### Task to complete
Copy each line of the listing that includes "unfolding".

### Material for this task

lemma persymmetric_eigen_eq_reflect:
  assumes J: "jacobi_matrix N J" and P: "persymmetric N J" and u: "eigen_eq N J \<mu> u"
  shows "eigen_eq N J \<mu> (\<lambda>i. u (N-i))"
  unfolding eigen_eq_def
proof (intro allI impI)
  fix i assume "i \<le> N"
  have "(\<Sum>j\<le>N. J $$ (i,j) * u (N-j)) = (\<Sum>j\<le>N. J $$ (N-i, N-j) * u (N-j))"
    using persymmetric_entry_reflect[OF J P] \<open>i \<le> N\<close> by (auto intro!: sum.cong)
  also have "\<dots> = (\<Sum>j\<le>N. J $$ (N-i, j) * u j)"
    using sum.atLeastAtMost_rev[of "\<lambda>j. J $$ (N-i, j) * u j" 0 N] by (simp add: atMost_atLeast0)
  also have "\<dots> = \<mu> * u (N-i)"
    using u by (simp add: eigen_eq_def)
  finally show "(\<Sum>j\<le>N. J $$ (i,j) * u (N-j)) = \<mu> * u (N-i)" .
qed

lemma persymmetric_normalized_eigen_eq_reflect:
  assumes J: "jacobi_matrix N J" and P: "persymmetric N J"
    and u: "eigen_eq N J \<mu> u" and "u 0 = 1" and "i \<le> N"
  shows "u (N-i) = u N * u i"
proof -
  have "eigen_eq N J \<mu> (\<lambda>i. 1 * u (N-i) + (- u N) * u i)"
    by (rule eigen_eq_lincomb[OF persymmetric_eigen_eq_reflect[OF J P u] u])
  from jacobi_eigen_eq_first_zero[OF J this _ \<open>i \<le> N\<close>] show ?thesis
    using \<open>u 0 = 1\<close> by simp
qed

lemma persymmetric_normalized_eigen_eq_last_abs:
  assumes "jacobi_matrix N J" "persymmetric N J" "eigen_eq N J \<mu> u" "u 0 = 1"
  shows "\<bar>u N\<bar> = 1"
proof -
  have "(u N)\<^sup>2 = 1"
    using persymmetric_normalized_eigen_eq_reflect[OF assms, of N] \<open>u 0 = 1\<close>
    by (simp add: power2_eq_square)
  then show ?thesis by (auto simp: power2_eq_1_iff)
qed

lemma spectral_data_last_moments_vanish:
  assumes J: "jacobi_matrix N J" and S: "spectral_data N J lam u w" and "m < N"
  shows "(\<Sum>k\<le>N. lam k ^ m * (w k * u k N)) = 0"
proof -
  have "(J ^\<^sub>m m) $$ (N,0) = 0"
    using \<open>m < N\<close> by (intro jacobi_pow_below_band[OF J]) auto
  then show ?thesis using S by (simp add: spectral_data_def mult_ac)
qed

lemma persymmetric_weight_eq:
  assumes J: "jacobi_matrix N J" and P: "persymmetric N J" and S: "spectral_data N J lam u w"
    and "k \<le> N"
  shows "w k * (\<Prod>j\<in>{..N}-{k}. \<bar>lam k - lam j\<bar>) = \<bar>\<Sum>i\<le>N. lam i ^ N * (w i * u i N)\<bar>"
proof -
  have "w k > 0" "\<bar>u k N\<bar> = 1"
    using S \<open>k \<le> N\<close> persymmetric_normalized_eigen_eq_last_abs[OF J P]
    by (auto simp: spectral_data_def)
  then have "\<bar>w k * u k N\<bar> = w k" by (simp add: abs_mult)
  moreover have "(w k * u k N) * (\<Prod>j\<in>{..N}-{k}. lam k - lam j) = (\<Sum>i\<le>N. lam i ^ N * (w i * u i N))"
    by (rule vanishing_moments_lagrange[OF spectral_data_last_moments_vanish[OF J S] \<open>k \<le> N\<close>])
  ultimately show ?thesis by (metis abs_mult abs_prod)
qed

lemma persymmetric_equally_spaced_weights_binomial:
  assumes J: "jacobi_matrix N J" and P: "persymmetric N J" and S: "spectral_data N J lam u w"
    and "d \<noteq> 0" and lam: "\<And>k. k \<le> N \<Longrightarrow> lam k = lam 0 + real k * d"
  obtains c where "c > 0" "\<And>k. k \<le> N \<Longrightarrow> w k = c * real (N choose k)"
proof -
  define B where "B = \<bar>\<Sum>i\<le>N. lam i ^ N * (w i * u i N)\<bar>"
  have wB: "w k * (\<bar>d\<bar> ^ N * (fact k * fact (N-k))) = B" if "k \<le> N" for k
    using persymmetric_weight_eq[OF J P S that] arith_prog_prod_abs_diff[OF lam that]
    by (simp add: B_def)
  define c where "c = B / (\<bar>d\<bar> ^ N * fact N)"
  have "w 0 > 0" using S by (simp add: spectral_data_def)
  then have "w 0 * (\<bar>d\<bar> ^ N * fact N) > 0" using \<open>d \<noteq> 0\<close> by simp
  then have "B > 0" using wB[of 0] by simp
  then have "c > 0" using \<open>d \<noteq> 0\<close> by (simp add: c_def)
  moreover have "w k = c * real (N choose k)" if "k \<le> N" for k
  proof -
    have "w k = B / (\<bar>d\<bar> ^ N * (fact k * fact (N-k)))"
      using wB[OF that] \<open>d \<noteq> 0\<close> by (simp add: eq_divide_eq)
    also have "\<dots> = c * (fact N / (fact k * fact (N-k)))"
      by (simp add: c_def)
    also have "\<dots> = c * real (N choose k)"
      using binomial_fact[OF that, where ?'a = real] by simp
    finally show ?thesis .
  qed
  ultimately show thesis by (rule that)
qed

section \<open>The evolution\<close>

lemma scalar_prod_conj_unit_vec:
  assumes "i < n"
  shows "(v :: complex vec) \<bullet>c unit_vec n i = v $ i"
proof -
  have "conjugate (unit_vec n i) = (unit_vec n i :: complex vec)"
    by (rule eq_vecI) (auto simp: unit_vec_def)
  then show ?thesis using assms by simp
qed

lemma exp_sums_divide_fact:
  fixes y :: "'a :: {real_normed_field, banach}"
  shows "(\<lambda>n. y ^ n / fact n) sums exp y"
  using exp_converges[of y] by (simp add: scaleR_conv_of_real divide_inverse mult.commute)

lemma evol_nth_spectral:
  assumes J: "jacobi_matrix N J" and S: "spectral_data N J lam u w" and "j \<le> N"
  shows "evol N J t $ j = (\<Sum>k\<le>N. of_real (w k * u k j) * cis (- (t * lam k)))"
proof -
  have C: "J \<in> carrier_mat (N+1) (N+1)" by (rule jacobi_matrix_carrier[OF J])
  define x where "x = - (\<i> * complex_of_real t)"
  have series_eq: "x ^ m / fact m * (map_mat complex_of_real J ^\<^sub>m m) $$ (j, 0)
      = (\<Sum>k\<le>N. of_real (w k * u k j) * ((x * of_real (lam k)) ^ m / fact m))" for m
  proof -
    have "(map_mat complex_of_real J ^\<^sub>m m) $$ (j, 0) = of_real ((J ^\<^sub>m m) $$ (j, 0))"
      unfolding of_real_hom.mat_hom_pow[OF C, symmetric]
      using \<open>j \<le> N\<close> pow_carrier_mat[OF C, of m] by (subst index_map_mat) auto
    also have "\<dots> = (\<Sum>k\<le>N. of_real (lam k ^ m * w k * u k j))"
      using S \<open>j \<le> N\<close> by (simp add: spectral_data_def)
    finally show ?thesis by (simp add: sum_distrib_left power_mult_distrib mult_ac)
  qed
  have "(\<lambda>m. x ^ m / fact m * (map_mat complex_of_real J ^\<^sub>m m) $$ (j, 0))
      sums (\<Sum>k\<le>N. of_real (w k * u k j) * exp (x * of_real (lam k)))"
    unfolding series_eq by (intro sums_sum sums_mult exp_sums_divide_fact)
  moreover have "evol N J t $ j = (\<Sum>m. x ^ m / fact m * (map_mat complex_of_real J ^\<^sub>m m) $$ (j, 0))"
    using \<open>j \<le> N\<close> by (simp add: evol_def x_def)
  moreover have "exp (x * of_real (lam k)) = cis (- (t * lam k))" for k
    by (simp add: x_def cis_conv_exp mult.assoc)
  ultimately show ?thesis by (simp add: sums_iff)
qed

### Response to this task
  unfolding eigen_eq_def
      unfolding of_real_hom.mat_hom_pow[OF C, symmetric]
    unfolding series_eq by (intro sums_sum sums_mult exp_sums_divide_fact)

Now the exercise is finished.